Please copy out the entries until you have copied the line that contains "using Suc_mod_neq_self[of k", beginning with the first line.

Start of Data excerpts

lemma neighboring_if_two_polygon_edges:
  assumes n: "4 \<le> n" and T: "T \<in> triples n" and two: "2 \<le> card (polygon_edges n T)"
  shows "neighboring n T"
proof -
  have "\<not> card (polygon_edges n T) \<le> Suc 0" using two by simp
  then obtain k k' where kk: "k \<in> polygon_edges n T" "k' \<in> polygon_edges n T" "k \<noteq> k'"
    using card_le_Suc0_iff_eq[of "polygon_edges n T"] by (auto simp: polygon_edges_def)
  have Tn: "T \<subseteq> {0..<n}" "card T = 3" using T unfolding triples_def by auto
  then have fT: "finite T" using finite_subset by blast
  have k: "k < n" "k' < n" "k \<in> T" "k' \<in> T" "Suc k mod n \<in> T" "Suc k' mod n \<in> T"
    using kk unfolding polygon_edges_def by auto
  have "k' = Suc k mod n \<or> k = Suc k' mod n"
  proof (rule ccontr)
    assume "\<not> (k' = Suc k mod n \<or> k = Suc k' mod n)"
    moreover have "Suc k mod n \<noteq> Suc k' mod n" using Suc_mod_inj k kk by blast
    moreover have "k \<noteq> Suc k mod n" "k' \<noteq> Suc k' mod n"
      using Suc_mod_neq_self[of k n] Suc_mod_neq_self[of k' n] k n by auto
    ultimately have four: "card {k, Suc k mod n, k', Suc k' mod n} = 4" using kk by auto
    have "card {k, Suc k mod n, k', Suc k' mod n} \<le> card T" using k by (intro card_mono[OF fT]) auto
    then show False using four Tn(2) by simp
  qed
  then obtain a where a: "a < n" "a \<in> T" "Suc a mod n \<in> T" "Suc (Suc a mod n) mod n \<in> T"
  proof
    assume "k' = Suc k mod n"
    with k(6) have "Suc (Suc k mod n) mod n \<in> T" by simp
    then show thesis by (rule that[OF k(1) k(3) k(5)])
  next
    assume "k = Suc k' mod n"
    with k(5) have "Suc (Suc k' mod n) mod n \<in> T" by simp
    then show thesis by (rule that[OF k(2) k(4) k(6)])
  qed
  have "Suc (Suc a mod n) mod n = Suc (Suc a) mod n" by (simp add: mod_Suc_eq)
  then have sub: "{a, Suc a mod n, Suc (Suc a) mod n} \<subseteq> T" using a by auto
  have "a \<noteq> Suc a mod n" "Suc (Suc a) mod n \<noteq> a" "Suc (Suc a) mod n \<noteq> Suc a mod n"
    using Suc_mod_neq_self[of a n] Suc_Suc_mod_neq_self[of a n] Suc_mod_neq_self[of "Suc a mod n" n]
      \<open>Suc (Suc a mod n) mod n = _\<close> a(1) n by auto
  then have "card {a, Suc a mod n, Suc (Suc a) mod n} = 3" by simp
  then have "T = {a, Suc a mod n, Suc (Suc a) mod n}" using card_subset_eq[OF fT sub] Tn(2) by simp
  then show ?thesis unfolding neighboring_def using \<open>a < n\<close> by blast
qed

lemma polygon_edges_disjoint_triple: "disjoint_triple n T \<Longrightarrow> polygon_edges n T = {}"
  unfolding disjoint_triple_def polygon_edges_def adjacent_def by blast

lemma card_polygon_edges_intermediate:
  assumes n: "4 \<le> n" and T: "T \<in> triples n" and I: "intermediate n T"
  shows "card (polygon_edges n T) = 1"
proof -
  obtain i j where ij: "i \<in> T" "j \<in> T" "adjacent n i j"
    using I unfolding intermediate_def disjoint_triple_def by blast
  moreover have "i < n" "j < n" using ij T unfolding triples_def by auto
  ultimately have "polygon_edges n T \<noteq> {}" unfolding adjacent_def polygon_edges_def by auto
  then have "card (polygon_edges n T) \<ge> 1"
    by (simp add: Suc_leI card_gt_0_iff polygon_edges_def)
  moreover have "\<not> 2 \<le> card (polygon_edges n T)"
    using neighboring_if_two_polygon_edges[OF n T] I unfolding intermediate_def by blast
  ultimately show ?thesis by simp
qed

lemma neighboring_not_disjoint_triple: "neighboring n T \<Longrightarrow> \<not> disjoint_triple n T"
  unfolding neighboring_def disjoint_triple_def adjacent_def by blast

lemma finite_triples: "finite (triples n)"
  unfolding triples_def by (rule finite_subset[of _ "Pow {0..<n}"]) auto

lemma sum_card_polygon_edges:
  assumes F: "finite F" and edge: "\<And>k. k < n \<Longrightarrow> card {T \<in> F. k \<in> T \<and> Suc k mod n \<in> T} = 1"
  shows "(\<Sum>T\<in>F. card (polygon_edges n T)) = n"
proof -
  have "(\<Sum>T\<in>F. card (polygon_edges n T))
      = (\<Sum>T\<in>F. \<Sum>k\<in>{0..<n}. if k \<in> T \<and> Suc k mod n \<in> T then 1 else 0)"
    unfolding polygon_edges_def by (simp add: sum.If_cases Int_def)
  also have "\<dots> = (\<Sum>k\<in>{0..<n}. \<Sum>T\<in>F. if k \<in> T \<and> Suc k mod n \<in> T then 1 else 0)"
    by (rule sum.swap)
  also have "\<dots> = (\<Sum>k\<in>{0..<n}. card {T \<in> F. k \<in> T \<and> Suc k mod n \<in> T})"
    using F by (simp add: sum.If_cases Int_def)
  also have "\<dots> = n" using edge by simp
  finally show ?thesis .
qed

lemma triangle_type_counts:
  assumes n: "4 \<le> n" and card: "card {T \<in> triples n. P T} = n - 2"
    and edge: "\<And>k. k < n \<Longrightarrow> card {T \<in> triples n. P T \<and> k \<in> T \<and> Suc k mod n \<in> T} = 1"
  shows "int (card {T \<in> triples n. P T \<and> neighboring n T}) - int (card {T \<in> triples n. P T \<and> disjoint_triple n T}) = 2
    \<and> card {T \<in> triples n. P T \<and> neighboring n T} + card {T \<in> triples n. P T \<and> disjoint_triple n T}
      + card {T \<in> triples n. P T \<and> intermediate n T} = n - 2"
proof -
  define F where "F = {T \<in> triples n. P T}"
  define A B C where "A = {T \<in> triples n. P T \<and> neighboring n T}"
    and "B = {T \<in> triples n. P T \<and> disjoint_triple n T}"
    and "C = {T \<in> triples n. P T \<and> intermediate n T}"
  have fin: "finite A" "finite B" "finite C" unfolding A_def B_def C_def using finite_triples by simp_all
  have disj: "A \<inter> B = {}" "A \<inter> C = {}" "B \<inter> C = {}"
    unfolding A_def B_def C_def intermediate_def using neighboring_not_disjoint_triple by auto
  have F: "F = A \<union> B \<union> C" unfolding F_def A_def B_def C_def intermediate_def by auto
  have "card A + card B + card C = n - 2"
    using card fin disj unfolding F_def[symmetric] F by (simp add: card_Un_disjoint Int_Un_distrib2)
  moreover have "(\<Sum>T\<in>F. card (polygon_edges n T)) = n"
    using finite_triples edge unfolding F_def by (intro sum_card_polygon_edges) auto
  moreover have "(\<Sum>T\<in>F. card (polygon_edges n T)) = 2 * card A + card C"
  proof -
    have "(\<Sum>T\<in>F. card (polygon_edges n T)) = (\<Sum>T\<in>A. card (polygon_edges n T))
        + (\<Sum>T\<in>B. card (polygon_edges n T)) + (\<Sum>T\<in>C. card (polygon_edges n T))"
      unfolding F using fin disj by (simp add: sum.union_disjoint Int_Un_distrib2)
    also have "\<dots> = (\<Sum>T\<in>A. 2) + (\<Sum>T\<in>B. 0) + (\<Sum>T\<in>C. 1)"
      using card_polygon_edges_neighboring[OF n] polygon_edges_disjoint_triple
        card_polygon_edges_intermediate[OF n] unfolding A_def B_def C_def by simp
    finally show ?thesis by simp
  qed
  ultimately show ?thesis unfolding A_def B_def C_def using n by linarith
qed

End of Data excerpts

#### Problem solution
lemma neighboring_if_two_polygon_edges:
  assumes n: "4 \<le> n" and T: "T \<in> triples n" and two: "2 \<le> card (polygon_edges n T)"
  shows "neighboring n T"
proof -
  have "\<not> card (polygon_edges n T) \<le> Suc 0" using two by simp
  then obtain k k' where kk: "k \<in> polygon_edges n T" "k' \<in> polygon_edges n T" "k \<noteq> k'"
    using card_le_Suc0_iff_eq[of "polygon_edges n T"] by (auto simp: polygon_edges_def)
  have Tn: "T \<subseteq> {0..<n}" "card T = 3" using T unfolding triples_def by auto
  then have fT: "finite T" using finite_subset by blast
  have k: "k < n" "k' < n" "k \<in> T" "k' \<in> T" "Suc k mod n \<in> T" "Suc k' mod n \<in> T"
    using kk unfolding polygon_edges_def by auto
  have "k' = Suc k mod n \<or> k = Suc k' mod n"
  proof (rule ccontr)
    assume "\<not> (k' = Suc k mod n \<or> k = Suc k' mod n)"
    moreover have "Suc k mod n \<noteq> Suc k' mod n" using Suc_mod_inj k kk by blast
    moreover have "k \<noteq> Suc k mod n" "k' \<noteq> Suc k' mod n"
      using Suc_mod_neq_self[of k n] Suc_mod_neq_self[of k' n] k n by auto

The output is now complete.